Fractional Flow Reserve in Angiographically Insignificant Stenoses: Unmasking the Lesion or Creating Disease?

From earliest days of coronary angiography, we have been seeking hemodynamic confirmation of what our eyes tell us in the laboratory. Even before the clinical outcomes for patients undergoing percutaneous transluminal coronary angioplasty were barely known (and certainly before the manufacture of dedicated pressure‐sensor guidewires), Grüntzig made efforts to measure the transstenotic pressure gradient,1 aware of the limitations of a 2‐dimensional image to completely describe the coronary flow dynamics in a diseased vessel.

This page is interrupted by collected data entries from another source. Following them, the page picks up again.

(* Let $O=\langle B,E,F,\mathsf c\rangle$ be an occurrence net and let $\mathcal C(O)=\langle S,E,F',I,\emptyset,\mathsf m,\ell\rangle$ be the associated net, where $S=\{(\ast,e)\mid e\in E\}\cup\{(e,\ast)\mid e\in E\}\cup\{\{e,e'\}\mid e\ \#\ e'\}$, $F'=\{((\ast,e),e)\mid e\in E\}\cup\{(s,e)\mid s=\{e,e'\}\in S\}\cup\{(e,(e,\ast))\mid e\in E\}$, $I=\{((\ast,e'),e)\mid e'<_O e\}$, $\mathsf m(s)=0$ if $s=(e,\ast)$ and $\mathsf m(s)=1$ otherwise, and $\ell$ is the identity. Then $\mathcal C(O)$ is an occurrence causal net.
   Context: Occurrence nets: a net $\langle S,T,F,\mathsf m\rangle$ has disjoint places/transitions, flow $F$, initial marking $\mathsf m$; ${}^\bullet x,x^\bullet$ pre/postsets; $t$ enabled at $m$ if ${}^\bullet t\subseteq m$, firing gives $m-{}^\bullet t+t^\bullet$. $<_N$ is the transitive closure of $F$, $\le_N$ its reflexive closure; acyclic means $\le_N$ is a partial order; safe means at most one token per place in reachable markings. An occurrence net $O=\langle B,E,F,\mathsf c\rangle$ is an acyclic safe net with: ${}^\bullet b$ empty or a singleton, ${}^\bullet b=\emptyset$ for $b\in\mathsf c$; each $b$ has some $b'\in\mathsf c$ with $b'\le_O b$; $\{e'\mid e'\le_O e\}$ finite; and $\#$ (with $e\ \#_0\ e'$ iff $e\neq e'$ and ${}^\bullet e\cap{}^\bullet e'\neq\emptyset$; $x\ \#\ x'$ iff $y\ \#_0\ y'$ for some $y\le_O x$, $y'\le_O x'$) irreflexive. Contextual/causal nets: a labelled contextual net $N=\langle S,T,F,I,R,\mathsf m,\ell\rangle$ has inhibitor arcs $I\subseteq S\times T$, read arcs $R\subseteq S\times T$, labelling $\ell:T\to L$; ${}^\circ t=\{s\mid(s,t)\in I\}$, $\underline t=\{s\mid(s,t)\in R\}$; every transition has nonempty preset; $t$ enabled at $m$ if ${}^\bullet t+\underline t\subseteq m$ and $m(s)=0$ for $s\in{}^\circ t$; firing gives $m-{}^\bullet t+t^\bullet$. States are multisets of transitions of finite firing sequences from $\mathsf m$, $\lfloor X\rfloor$ the support. Nets are assumed safe. $t\prec_N t'$ iff ${}^\bullet t\cap{}^\circ t'\neq\emptyset$ or $t^\bullet\cap\underline{t'}\neq\emptyset$; $t\ \#_N\ t'$ iff no state contains both in its support. Pre-causal: (1) $<_N\cap(T\times T)=\emptyset$, ${}^\bullet t\cap{}^\circ t=\emptyset$, $t^\bullet\cap\underline t=\emptyset$; (2) $|\ell(s^\bullet)|=1$ for $s\in{}^\circ t$; (3) $t\prec_N t'\Rightarrow$ not $t'\prec_N t$; (4) ${}^\circ t\cup\underline t$ finite; (5) $t\ \#_N\ t'\Rightarrow {}^\bullet t\cap{}^\bullet t'\neq\emptyset$; (6) $t\neq t'$, $\ell(t)=\ell(t')\Rightarrow t\ \#_N\ t'$. Causal net: pre-causal and (a) $\prec^*$ restricted to the support of each state is a partial order, (b) every transition is in the support of some state. An occurrence causal net is a causal net $K$ with $R=\emptyset$, $\ell$ injective, $\prec_K^{*}$ a partial order on all of $T$, and such that $t\ \#_K\ t'$ and $t'\prec_K^{*}t''$ imply $t\ \#_K\ t''$. *)

theory Defs
  imports Main "HOL-Library.Multiset"
begin

text \<open>The flow relation F is a relation on nodes (Inl = place, Inr = transition).
  Inhibitor and read arcs are relations between places and transitions.
  Markings are functions from places to nat.\<close>

definition preset :: "('s + 't) rel \<Rightarrow> 't \<Rightarrow> 's set" where
  "preset F t = {s. (Inl s, Inr t) \<in> F}"

definition postset :: "('s + 't) rel \<Rightarrow> 't \<Rightarrow> 's set" where
  "postset F t = {s. (Inr t, Inl s) \<in> F}"

definition pl_preset :: "('s + 't) rel \<Rightarrow> 's \<Rightarrow> 't set" where
  "pl_preset F s = {t. (Inr t, Inl s) \<in> F}"

definition pl_postset :: "('s + 't) rel \<Rightarrow> 's \<Rightarrow> 't set" where
  "pl_postset F s = {t. (Inl s, Inr t) \<in> F}"

definition inhset :: "('s \<times> 't) set \<Rightarrow> 't \<Rightarrow> 's set" where
  "inhset I t = {s. (s, t) \<in> I}"

definition readset :: "('s \<times> 't) set \<Rightarrow> 't \<Rightarrow> 's set" where
  "readset R t = {s. (s, t) \<in> R}"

In intermediate coronary lesions, it can still feel uncomfortable when our eyes “get it wrong.” With randomized trial data supporting that, in such circumstances, fractional flow reserve (FFR) is the better judge of outcomes,2, 3, 4, 5, 6 we can at least feel justified in quelling that uncomfortable feeling. But what about situations in which our eyes always get it wrong? Is it plausible that the oculostenotic reflex is so poorly calibrated that it can never be trusted, or are other factors at play that call into question the validity of positive FFR values in the absence of a significant lesion?

FFR: A surrogate measure of coronary flow

In the pre‐FFR era, physiological indexes focused on direct measurements of coronary flow to determine the hemodynamic impact of a coronary stenosis.7 However, because of difficulties in obtaining reproducible, high‐quality flow signals and the need for post hoc computation and analysis, the use of flow‐based or combined pressure‐ and flow‐based indices failed to translate into mainstream clinical practice. In 1993, FFR was uniquely proposed as a pressure‐only surrogate measure of flow.8 The rationale was that during maximal pharmacological hyperemia, microvascular resistance was stabilized, and transstenotic changes in pressure became linearly related to changes in flow.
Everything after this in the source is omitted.